Uh-oh...if Kris is doing one on capturing bird images, perhaps I should change mine and do one on...umm...let's see...maybe an autobiographical piece of the life of TPF's 42nd best wildlife shooter (I think there are currently about 41 others posting wildlife photos). 

Just kidding. Kinda. 
I'll stick to my guns and do my articles. THEN you can read Kris' and learn what you should REALLY be doing.


----------



## Designer (Feb 9, 2015)

sm4him said:


> THEN you can read Kris' and learn what you REALLY be doing.


Actually, I would like to read several instructional pieces on the same topic because I like to think there could be a benefit in learning more than one way.


----------



## JustJazzie (Feb 9, 2015)

SquarePeg said:


> Love this idea.  I hope some of the TPF portrait and wildlife experts plan to participate.
> 
> @JustJazzie you should do your water drops shoot - those were wonderful.


Go ahead an count me in for this! I'll need a few days to write it up.


----------



## coastalconn (Feb 9, 2015)

Designer said:


> sm4him said:
> 
> 
> > THEN you can read Kris' and learn what you REALLY be doing.
> ...


I agree 100% you can never learn too much and having several points of view can help people decide what works best for them...


----------



## sm4him (Feb 9, 2015)

coastalconn said:


> Designer said:
> 
> 
> > sm4him said:
> ...



Oh, I agree too; I still have every intention of writing my articles!

But, I think one of my best pieces of advice would be, if you have the option, listen to Kris' advice instead of mine.


----------



## JustJazzie (Feb 9, 2015)

Anyone willing to volunteer to proofread this mess for me before I embarrass myself?


----------



## Overread (Feb 9, 2015)

Hold your horses Jazzie - got a week or more before its posting time - plenty of time to proof read and write


----------



## JustJazzie (Feb 9, 2015)

Overread said:


> Hold your horses Jazzie - got a week or more before its posting time - plenty of time to proof read and write


I know. I know. I'll still need a volunteer editor though. ;-)


----------



## Didereaux (Feb 9, 2015)

AKUK said:


> I have written 10 articles and 15 guides on my site and would be happy to share some of them here. If you'd like to use any of them let me know. The guides provide practical information whereas the articles focus more on getting people to take the emphasis off of their cameras and becoming self reliant, understanding light and how to solve problem lighting, and getting more creative.

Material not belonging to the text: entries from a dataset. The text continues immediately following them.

lemma integral_power2_diff_ge:
  fixes u v b :: real
  assumes "u \<le> v"
  shows "(v - u) ^ 3 / 12 \<le> integral {u..v} (\<lambda>x. (x - b)\<^sup>2)"
proof -
  have "4 * ((v - b) ^ 3 - (u - b) ^ 3) - (v - u) ^ 3 = 3 * (v - u) * (v + u - 2 * b)\<^sup>2"
    by (simp add: algebra_simps power2_eq_square power3_eq_cube)
  also have "\<dots> \<ge> 0"
    using assms by simp
  finally show ?thesis
    using integral_power2_diff[OF assms, of b] by simp
qed

lemma power3_div_Suc_square_le:
  fixes A B m :: real
  assumes "A \<ge> 0" "B \<ge> 0" "m > 0"
  shows "(A + B) ^ 3 / (m + 1)\<^sup>2 \<le> A ^ 3 / m\<^sup>2 + B ^ 3"
proof -
  define a where "a = A / m"
  have A: "A = m * a"
    using assms by (simp add: a_def)
  have "a \<ge> 0"
    using assms by (simp add: a_def)
  have "(m + 1)\<^sup>2 * (m * a ^ 3 + B ^ 3) - (m * a + B) ^ 3
      = m * ((a - B)\<^sup>2 * ((2 * m + 1) * a + (m + 2) * B))"
    by (simp add: algebra_simps power2_eq_square power3_eq_cube)
  also have "\<dots> \<ge> 0"
    using assms \<open>a \<ge> 0\<close> by simp
  finally have "(m * a + B) ^ 3 / (m + 1)\<^sup>2 \<le> m * a ^ 3 + B ^ 3"
    using assms by (simp add: divide_simps mult.commute)
  moreover have "A ^ 3 / m\<^sup>2 = m * a ^ 3"
    using assms A by (simp add: power2_eq_square power3_eq_cube)
  ultimately show ?thesis
    using A by simp
qed

lemma integral_nearest_sqdist_ge:
  assumes "finite S" "S \<noteq> {}" "u \<le> v"
  shows "(v - u) ^ 3 / (12 * (real (card S))\<^sup>2) \<le> integral {u..v} (nearest_sqdist S)"
  using assms
proof (induction S arbitrary: u v rule: finite_linorder_max_induct)
  case empty
  then show ?case by simp
next
  case (insert b A)
  show ?case
  proof (cases "A = {}")
    case True
    then show ?thesis
      using integral_power2_diff_ge[OF insert.prems(2)] by simp
  next
    case False
    define m where "m = real (card A)"
    define c where "c = (Max A + b) / 2"
    have "m > 0"
      using False insert.hyps(1) by (simp add: m_def card_gt_0_iff)
    have "Max A < b"
      using False insert.hyps by simp
    have card_insert: "real (card (insert b A)) = m + 1"
      using insert.hyps by (auto simp: m_def)
    have left: "(w - u') ^ 3 / (12 * m\<^sup>2) \<le> integral {u'..w} (nearest_sqdist (insert b A))"
      if "u' \<le> w" "w \<le> c" for u' w
    proof -
      have "integral {u'..w} (nearest_sqdist (insert b A)) = integral {u'..w} (nearest_sqdist A)"
        using that False insert.hyps(1) \<open>Max A < b\<close>
        by (intro integral_cong nearest_sqdist_insert_left) (auto simp: c_def)
      with insert.IH[OF False that(1)] show ?thesis
        by (simp add: m_def)
    qed
    have right: "(v' - w) ^ 3 / 12 \<le> integral {w..v'} (nearest_sqdist (insert b A))"
      if "w \<le> v'" "c \<le> w" for w v'
    proof -
      have "integral {w..v'} (nearest_sqdist (insert b A)) = integral {w..v'} (\<lambda>x. (x - b)\<^sup>2)"
        using that False insert.hyps(1) \<open>Max A < b\<close>
        by (intro integral_cong nearest_sqdist_insert_right) (auto simp: c_def)
      with integral_power2_diff_ge[OF that(1)] show ?thesis
        by simp
    qed
    have "(v - u) ^ 3 / (12 * (m + 1)\<^sup>2) \<le> integral {u..v} (nearest_sqdist (insert b A))"
    proof -
      consider "v \<le> c" | "c \<le> u" | "u \<le> c" "c \<le> v"
        by linarith
      then show ?thesis
      proof cases
        case 1
        with left[OF insert.prems(2)] power3_div_Suc_square_le[of "v - u" 0 m] \<open>m > 0\<close> insert.prems
        show ?thesis by simp
      next
        case 2
        with right[OF insert.prems(2)] power3_div_Suc_square_le[of 0 "v - u" m] \<open>m > 0\<close> insert.prems
        show ?thesis by simp
      next
        case 3
        have "integral {u..v} (nearest_sqdist (insert b A))
            = integral {u..c} (nearest_sqdist (insert b A)) + integral {c..v} (nearest_sqdist (insert b A))"
          using Henstock_Kurzweil_Integration.integral_combine[OF 3 integrable_nearest_sqdist]
            insert.hyps(1) by simp
        moreover have "(v - u) ^ 3 / (m + 1)\<^sup>2 \<le> (c - u) ^ 3 / m\<^sup>2 + (v - c) ^ 3"
          using power3_div_Suc_square_le[of "c - u" "v - c" m] 3 \<open>m > 0\<close> by simp
        ultimately show ?thesis
          using left[OF 3(1) order_refl] right[OF 3(2) order_refl] by simp
      qed
    qed
    then show ?thesis
      by (simp only: card_insert)
  qed
qed

lemma integral_nearest_sqdist_cell_le:
  assumes "finite S" "a \<in> S" "a + h \<in> S" "h \<ge> 0"
  shows "integral {a..a + h} (nearest_sqdist S) \<le> h ^ 3 / 12"
proof -
  have "integral {a..a + h} (nearest_sqdist S)
      = integral {a..a + h / 2} (nearest_sqdist S) + integral {a + h / 2..a + h} (nearest_sqdist S)"
    using Henstock_Kurzweil_Integration.integral_combine[of a "a + h / 2" "a + h" "nearest_sqdist S"]
      integrable_nearest_sqdist[of S] assms by fastforce
  also have "\<dots> \<le> integral {a..a + h / 2} (\<lambda>x. (x - a)\<^sup>2) + integral {a + h / 2..a + h} (\<lambda>x. (x - (a + h))\<^sup>2)"
    using assms by (intro add_mono integral_nearest_sqdist_le) auto
  also have "\<dots> = h ^ 3 / 12"
    using assms by (simp add: integral_power2_diff power3_eq_cube)
  finally show ?thesis .
qed

lemma integral_nearest_sqdist_grid_le:
  assumes "finite S" "h \<ge> 0" "\<And>j. j \<le> N \<Longrightarrow> a + real j * h \<in> S"
  shows "integral {a..a + real N * h} (nearest_sqdist S) \<le> real N * h ^ 3 / 12"
  using assms(3)
proof (induction N)
  case 0
  then show ?case by simp
next
  case (Suc N)
  define x where "x = a + real N * h"
  have "x \<in> S" "x + h \<in> S"
    using Suc.prems[of N] Suc.prems[of "Suc N"] by (auto simp: x_def algebra_simps)
  have "integral {a..a + real (Suc N) * h} (nearest_sqdist S)
      = integral {a..x} (nearest_sqdist S) + integral {x..x + h} (nearest_sqdist S)"
    using Henstock_Kurzweil_Integration.integral_combine[of a x "x + h" "nearest_sqdist S"]
      integrable_nearest_sqdist[of S] assms(1,2) \<open>x \<in> S\<close> by (fastforce simp: x_def algebra_simps)
  also have "\<dots> \<le> real N * h ^ 3 / 12 + h ^ 3 / 12"
    using Suc assms \<open>x \<in> S\<close> \<open>x + h \<in> S\<close> unfolding x_def
    by (intro add_mono integral_nearest_sqdist_cell_le) auto
  finally show ?case
    by (simp add: algebra_simps)
qed

lemma cond_quant_err_le:
  assumes "finite \<beta>" "\<beta> \<noteq> {}" "finite \<alpha>" "card \<alpha> \<le> n - card \<beta>"
  shows "cond_quant_err P \<beta> n \<le> integral\<^sup>L P (\<lambda>x. Min ((\<lambda>a. (x - a)\<^sup>2) ` (\<alpha> \<union> \<beta>)))"
  unfolding cond_quant_err_def
proof (rule cINF_lower)
  show "\<alpha> \<in> {\<alpha>. finite \<alpha> \<and> card \<alpha> \<le> n - card \<beta>}"
    using assms by simp
  have "0 \<le> integral\<^sup>L P (\<lambda>x. Min ((\<lambda>a. (x - a)\<^sup>2) ` (\<alpha>' \<union> \<beta>)))" if "finite \<alpha>'" for \<alpha>'
    using assms that by (intro Bochner_Integration.integral_nonneg) (simp add: Min_ge_iff)
  then show "bdd_below ((\<lambda>\<alpha>. integral\<^sup>L P (\<lambda>x. Min ((\<lambda>a. (x - a)\<^sup>2) ` (\<alpha> \<union> \<beta>))))
      ` {\<alpha>. finite \<alpha> \<and> card \<alpha> \<le> n - card \<beta>})"
    by (intro bdd_belowI[of _ 0]) auto
qed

checked this guys page out.  the articles are WELL written, and contain good supporting pics when needed.  I wholeheartedly recommend this site take him up on his offer.!


----------



## runnah (Feb 9, 2015)

Can I change mine to "How to be hilarious and seduce women on the internet"?


----------



## limr (Feb 9, 2015)

runnah said:


> Can I change mine to "How to be hilarious and seduce women on the internet"?



Satire?


----------



## runnah (Feb 9, 2015)

limr said:


> runnah said:
> 
> 
> > Can I change mine to "How to be hilarious and seduce women on the internet"?
> ...



Some of the facts may have been embellished, but I blame that on my co-writer, B. Williams.


----------



## coastalconn (Feb 9, 2015)

JustJazzie said:


> Anyone willing to volunteer to proofread this mess for me before I embarrass myself?


I'll show you mine if you show me yours  PM me, lol


----------



## W.Y.Photo (Feb 10, 2015)

This is such a good idea!! Can we do this on a monthly basis?? 

I've got multiple ideas in mind but as Fashion week starts here in New York this Thursday I won't have any time available to write until later this month.


----------



## sm4him (Feb 10, 2015)

coastalconn said:


> JustJazzie said:
> 
> 
> > Anyone willing to volunteer to proofread this mess for me before I embarrass myself?
> ...



I'm willing to proof for just about anybody, as long as I have time when I receive it.


----------



## vintagesnaps (Feb 10, 2015)

How lengthy an article are we talking here? this is starting to sound like a good bit of work. Maybe a blurb and/or photo to share would get some good discussions going, it takes time to write and proofread/edit an article.


----------



## Overread (Feb 10, 2015)

W.Y. if we get enough it can certainly run into next month and how well it does and how eager people are will determine how many more times and how often we do it  

Vintage - well I'm thinking more an article than just a blurb. There's no real set length, the key is promoting the creation and discussion aspects. You can certainly do something long or short.


----------



## W.Y.Photo (Feb 10, 2015)

Well I'm very eager. Sign me up as writing on my method's of lighting large scenes with little to no gear

If I'm not done by the time you're ready to start publishing them there is no need to wait for me though. I'm used to being last in line anyways.. My last name starts with a Y. 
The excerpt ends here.